DIRECTIONS FOR THIS TASK: Word for word, transcribe the data below from the line with "M1) ((\<lambda>(x, y)." to the line with "using PN.prob_space by simp", keeping both of those lines.

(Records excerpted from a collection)
━━━━━━━━━━━━━━━━

(* Let $\varepsilon \ge 0$ and $\delta \in [0,1]$, and let $\mathcal{M}\colon\{0,1\}\to\{0,1\}$ be a randomized mechanism satisfying $(\varepsilon,\delta)$-differential privacy, i.e. for all $z\in\{0,1\}$ and all $\mathrm{x}\neq \mathrm{x}'$ in $\{0,1\}$, $$\Pr[\mathcal{M}(\mathrm{x})=z]\le e^{\varepsilon}\Pr[\mathcal{M}(\mathrm{x}')=z]+\delta.$$ Consider any classifier of the following form: it is given two probability distributions $\mathcal{S}_0,\mathcal{S}_1$ on $\mathbb{R}$, and to an individual whose reported (perturbed) value is $z\in\{0,1\}$ it assigns a score drawn from $\mathcal{S}_z$. Let $z=\mathcal{M}(1)$ be the report of a positive sample (true value $1$) and $z'=\mathcal{M}(0)$ the report of a negative sample (true value $0$), with the two runs of $\mathcal{M}$ independent, and let $s\sim\mathcal{S}_z$, $s'\sim\mathcal{S}_{z'}$ be drawn independently (given $z,z'$). Define the AUC of the classifier as $$\mathrm{AUC}=\Pr[s>s']+\tfrac12\Pr[s=s'].$$ Then $$\mathrm{AUC}\le 1-\frac{1-\delta}{e^{\varepsilon}+1}.$$
   Context: The classifier (adversary) has access only to the reported values and to the mechanism $\mathcal{M}$, not to the true values; the AUC is the probability that a randomly chosen positive sample is ranked above a randomly chosen negative sample, with ties counted as $1/2$. *)

theory Defs
  imports "HOL-Probability.Probability"
begin

text \<open>Bits {0,1} are encoded as bool (True = 1, False = 0).
  A randomized mechanism is M :: bool => bool pmf; score distributions
  S z are probability measures on the Borel reals.\<close>

definition dp_mech :: "real \<Rightarrow> real \<Rightarrow> (bool \<Rightarrow> bool pmf) \<Rightarrow> bool" where
  "dp_mech \<epsilon> \<delta> M \<longleftrightarrow>
     (\<forall>z x x'. x \<noteq> x' \<longrightarrow> pmf (M x) z \<le> exp \<epsilon> * pmf (M x') z + \<delta>)"

text \<open>AUC = Pr[s > s'] + 1/2 Pr[s = s'], where z ~ M 1, z' ~ M 0 independently,
  and s ~ S z, s' ~ S z' independently given z, z' (law of total probability).\<close>
definition auc :: "(bool \<Rightarrow> bool pmf) \<Rightarrow> (bool \<Rightarrow> real measure) \<Rightarrow> real" where
  "auc M S = (\<Sum>z\<in>UNIV. \<Sum>z'\<in>UNIV. pmf (M True) z * pmf (M False) z' *
      (measure (S z \<Otimes>\<^sub>M S z') {p. fst p > snd p}
       + 1/2 * measure (S z \<Otimes>\<^sub>M S z') {p. fst p = snd p}))"

end

theory Submission imports Defs begin

text \<open>Write \<open>A(P, N) = Pr[s > s'] + Pr[s = s'] / 2\<close> for independent \<open>s \<sim> P\<close>, \<open>s' \<sim> N\<close>.
  Swapping the roles of \<open>s\<close> and \<open>s'\<close> shows \<open>A(P, N) + A(N, P) = 1\<close>, so \<open>A(P, P) = 1/2\<close> and
  \<open>|A(P, N) - 1/2| \<le> 1/2\<close>. Conditioning on the two reports, the AUC of the classifier is
  \<open>1/2 + (A(S\<^sub>1, S\<^sub>0) - 1/2) (p - q)\<close> with \<open>p = Pr[M(1) = 1]\<close>, \<open>q = Pr[M(0) = 1]\<close>, and the
  privacy constraints on both outputs give \<open>|p - q| (e\<^sup>\<epsilon> + 1) \<le> e\<^sup>\<epsilon> - 1 + 2\<delta>\<close>.\<close>

definition pairwise_auc :: "'a::linorder measure \<Rightarrow> 'a measure \<Rightarrow> real" where
  "pairwise_auc P N = measure (P \<Otimes>\<^sub>M N) {p. fst p > snd p} + 1/2 * measure (P \<Otimes>\<^sub>M N) {p. fst p = snd p}"

lemma (in pair_sigma_finite) measure_pair_measure_swap:
  assumes "A \<in> sets (M1 \<Otimes>\<^sub>M M2)"
  shows "measure (M2 \<Otimes>\<^sub>M M1) ((\<lambda>(x, y). (y, x)) -` A \<inter> space (M2 \<Otimes>\<^sub>M M1)) = measure (M1 \<Otimes>\<^sub>M M2) A"
  using assms by (subst distr_pair_swap) (simp add: measure_distr measurable_pair_swap')

lemma pairwise_auc_swap:
  fixes P N :: "'a::{linorder_topology, second_countable_topology} measure"
  assumes "prob_space P" "prob_space N" "sets P = sets borel" "sets N = sets borel"
  shows "pairwise_auc P N + pairwise_auc N P = 1"
proof -
  interpret PN: pair_prob_space P N
    using assms by (simp add: pair_prob_space_def pair_sigma_finite_def prob_space_imp_sigma_finite)
  let ?PN = "P \<Otimes>\<^sub>M N" and ?NP = "N \<Otimes>\<^sub>M P"
  have sets_PN: "sets ?PN = sets (borel \<Otimes>\<^sub>M borel)"
    using assms by (auto intro: sets_pair_measure_cong)
  have space_PN: "space ?PN = UNIV" and space_NP: "space ?NP = UNIV"
    using sets_eq_imp_space_eq[OF assms(3)] sets_eq_imp_space_eq[OF assms(4)]
    by (simp_all add: space_pair_measure)
  have pred_sets: "{p. R (fst p) (snd p)} \<in> sets (borel \<Otimes>\<^sub>M borel)"
    if "Measurable.pred (borel \<Otimes>\<^sub>M borel) (\<lambda>p::'a \<times> 'a. R (fst p) (snd p))" for R
    using that by (simp add: pred_def space_pair_measure)
  have greater: "{p. fst p > snd p} \<in> sets ?PN"
    and less: "{p. fst p < snd p} \<in> sets ?PN"
    and equal: "{p. fst p = snd p} \<in> sets ?PN"
    unfolding sets_PN by (intro pred_sets; measurable)+
  have "measure ?NP {p. fst p > snd p} = measure ?PN {p. fst p < snd p}"
    using PN.measure_pair_measure_swap[OF less] by (simp add: space_NP vimage_def case_prod_beta)
  moreover have "measure ?NP {p. fst p = snd p} = measure ?PN {p. fst p = snd p}"
    using PN.measure_pair_measure_swap[OF equal] by (simp add: space_NP vimage_def case_prod_beta eq_commute)
  moreover have "measure ?PN {p. fst p > snd p} + measure ?PN {p. fst p < snd p} + measure ?PN {p. fst p = snd p} = 1"
  proof -
    have "{p. fst p > snd p} \<union> {p. fst p < snd p} \<union> {p. fst p = snd p} = space ?PN"
      by (auto simp: space_PN)
    then have "1 = measure ?PN ({p. fst p > snd p} \<union> {p. fst p < snd p} \<union> {p. fst p = snd p})"
      using PN.prob_space by simp
    also have "\<dots> = measure ?PN ({p. fst p > snd p} \<union> {p. fst p < snd p}) + measure ?PN {p. fst p = snd p}"
      using greater less equal by (intro PN.finite_measure_Union) auto
    also have "\<dots> = measure ?PN {p. fst p > snd p} + measure ?PN {p. fst p < snd p} + measure ?PN {p. fst p = snd p}"
      using greater less by (subst PN.finite_measure_Union) auto
    finally show ?thesis ..
  qed
  ultimately show ?thesis
    by (simp add: pairwise_auc_def)
qed

lemma abs_pairwise_auc_minus_half_le:
  fixes P N :: "'a::{linorder_topology, second_countable_topology} measure"
  assumes "prob_space P" "prob_space N" "sets P = sets borel" "sets N = sets borel"
  shows "\<bar>pairwise_auc P N - 1/2\<bar> \<le> 1/2"
proof -
  have "0 \<le> pairwise_auc P N" "0 \<le> pairwise_auc N P"
    by (simp_all add: pairwise_auc_def)
  then show ?thesis
    using pairwise_auc_swap[OF assms] by linarith
qed

lemma auc_eq_pairwise_auc:
  assumes "\<And>z. prob_space (S z)" "\<And>z. sets (S z) = sets borel"
  shows "auc M S = 1/2 + (pairwise_auc (S True) (S False) - 1/2) * (pmf (M True) True - pmf (M False) True)"
proof -
  note swap = pairwise_auc_swap[OF assms(1) assms(1) assms(2) assms(2)]
  have self: "pairwise_auc (S z) (S z) = 1/2" for z
    using swap[of z z] by simp
  have flip: "pairwise_auc (S False) (S True) = 1 - pairwise_auc (S True) (S False)"
    using swap[of True False] by simp
  show ?thesis
    unfolding auc_def pairwise_auc_def[symmetric]
    by (simp add: UNIV_bool pmf_False_conv_True self flip algebra_simps)
qed

lemma dp_mech_bool_advantage:
  assumes "dp_mech \<epsilon> \<delta> M"
  shows "\<bar>pmf (M True) True - pmf (M False) True\<bar> * (exp \<epsilon> + 1) \<le> exp \<epsilon> - 1 + 2 * \<delta>"
proof -
  let ?p = "pmf (M True) True" and ?q = "pmf (M False) True"
  have "?p \<le> exp \<epsilon> * ?q + \<delta>" "1 - ?p \<le> exp \<epsilon> * (1 - ?q) + \<delta>"
    "?q \<le> exp \<epsilon> * ?p + \<delta>" "1 - ?q \<le> exp \<epsilon> * (1 - ?p) + \<delta>"
    using assms unfolding dp_mech_def by (metis pmf_False_conv_True)+
  then have "(?p - ?q) * (exp \<epsilon> + 1) \<le> exp \<epsilon> - 1 + 2 * \<delta>"
    and "(?q - ?p) * (exp \<epsilon> + 1) \<le> exp \<epsilon> - 1 + 2 * \<delta>"
    by (simp_all add: algebra_simps)
  then show ?thesis
    by (simp add: abs_if)
qed

theorem theorem1:
  fixes \<epsilon> \<delta> :: real and M :: "bool \<Rightarrow> bool pmf" and S :: "bool \<Rightarrow> real measure"
  assumes "\<epsilon> \<ge> 0" and "0 \<le> \<delta>" and "\<delta> \<le> 1"
    and "dp_mech \<epsilon> \<delta> M"
    and "\<And>z. prob_space (S z)" and "\<And>z. sets (S z) = sets borel"
  shows "auc M S \<le> 1 - (1 - \<delta>) / (exp \<epsilon> + 1)"
proof -
  let ?A = "pairwise_auc (S True) (S False)" and ?d = "pmf (M True) True - pmf (M False) True"
  have exp_pos: "0 < exp \<epsilon> + 1"
    by (simp add: add_pos_pos)
  have "auc M S = 1/2 + (?A - 1/2) * ?d"
    using auc_eq_pairwise_auc[OF assms(5,6)] .
  also have "\<dots> \<le> 1/2 + \<bar>?A - 1/2\<bar> * \<bar>?d\<bar>"
    by (metis abs_ge_self abs_mult add_left_mono)
  also have "\<dots> \<le> 1/2 + 1/2 * \<bar>?d\<bar>"
    using abs_pairwise_auc_minus_half_le[OF assms(5,5,6,6)]
    by (intro add_left_mono mult_right_mono) simp_all
  also have "\<dots> \<le> 1/2 + (exp \<epsilon> - 1 + 2 * \<delta>) / (2 * (exp \<epsilon> + 1))"
    using dp_mech_bool_advantage[OF assms(4)] exp_pos by (simp add: field_simps)
  also have "\<dots> = 1 - (1 - \<delta>) / (exp \<epsilon> + 1)"
    using exp_pos by (simp add: field_simps)
  finally show ?thesis .
qed

end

━━━━━━━━━━━━━━━━

WRITTEN RESPONSE:
  shows "measure (M2 \<Otimes>\<^sub>M M1) ((\<lambda>(x, y). (y, x)) -` A \<inter> space (M2 \<Otimes>\<^sub>M M1)) = measure (M1 \<Otimes>\<^sub>M M2) A"
  using assms by (subst distr_pair_swap) (simp add: measure_distr measurable_pair_swap')

lemma pairwise_auc_swap:
  fixes P N :: "'a::{linorder_topology, second_countable_topology} measure"
  assumes "prob_space P" "prob_space N" "sets P = sets borel" "sets N = sets borel"
  shows "pairwise_auc P N + pairwise_auc N P = 1"
proof -
  interpret PN: pair_prob_space P N
    using assms by (simp add: pair_prob_space_def pair_sigma_finite_def prob_space_imp_sigma_finite)
  let ?PN = "P \<Otimes>\<^sub>M N" and ?NP = "N \<Otimes>\<^sub>M P"
  have sets_PN: "sets ?PN = sets (borel \<Otimes>\<^sub>M borel)"
    using assms by (auto intro: sets_pair_measure_cong)
  have space_PN: "space ?PN = UNIV" and space_NP: "space ?NP = UNIV"
    using sets_eq_imp_space_eq[OF assms(3)] sets_eq_imp_space_eq[OF assms(4)]
    by (simp_all add: space_pair_measure)
  have pred_sets: "{p. R (fst p) (snd p)} \<in> sets (borel \<Otimes>\<^sub>M borel)"
    if "Measurable.pred (borel \<Otimes>\<^sub>M borel) (\<lambda>p::'a \<times> 'a. R (fst p) (snd p))" for R
    using that by (simp add: pred_def space_pair_measure)
  have greater: "{p. fst p > snd p} \<in> sets ?PN"
    and less: "{p. fst p < snd p} \<in> sets ?PN"
    and equal: "{p. fst p = snd p} \<in> sets ?PN"
    unfolding sets_PN by (intro pred_sets; measurable)+
  have "measure ?NP {p. fst p > snd p} = measure ?PN {p. fst p < snd p}"
    using PN.measure_pair_measure_swap[OF less] by (simp add: space_NP vimage_def case_prod_beta)
  moreover have "measure ?NP {p. fst p = snd p} = measure ?PN {p. fst p = snd p}"
    using PN.measure_pair_measure_swap[OF equal] by (simp add: space_NP vimage_def case_prod_beta eq_commute)
  moreover have "measure ?PN {p. fst p > snd p} + measure ?PN {p. fst p < snd p} + measure ?PN {p. fst p = snd p} = 1"
  proof -
    have "{p. fst p > snd p} \<union> {p. fst p < snd p} \<union> {p. fst p = snd p} = space ?PN"
      by (auto simp: space_PN)
    then have "1 = measure ?PN ({p. fst p > snd p} \<union> {p. fst p < snd p} \<union> {p. fst p = snd p})"
      using PN.prob_space by simp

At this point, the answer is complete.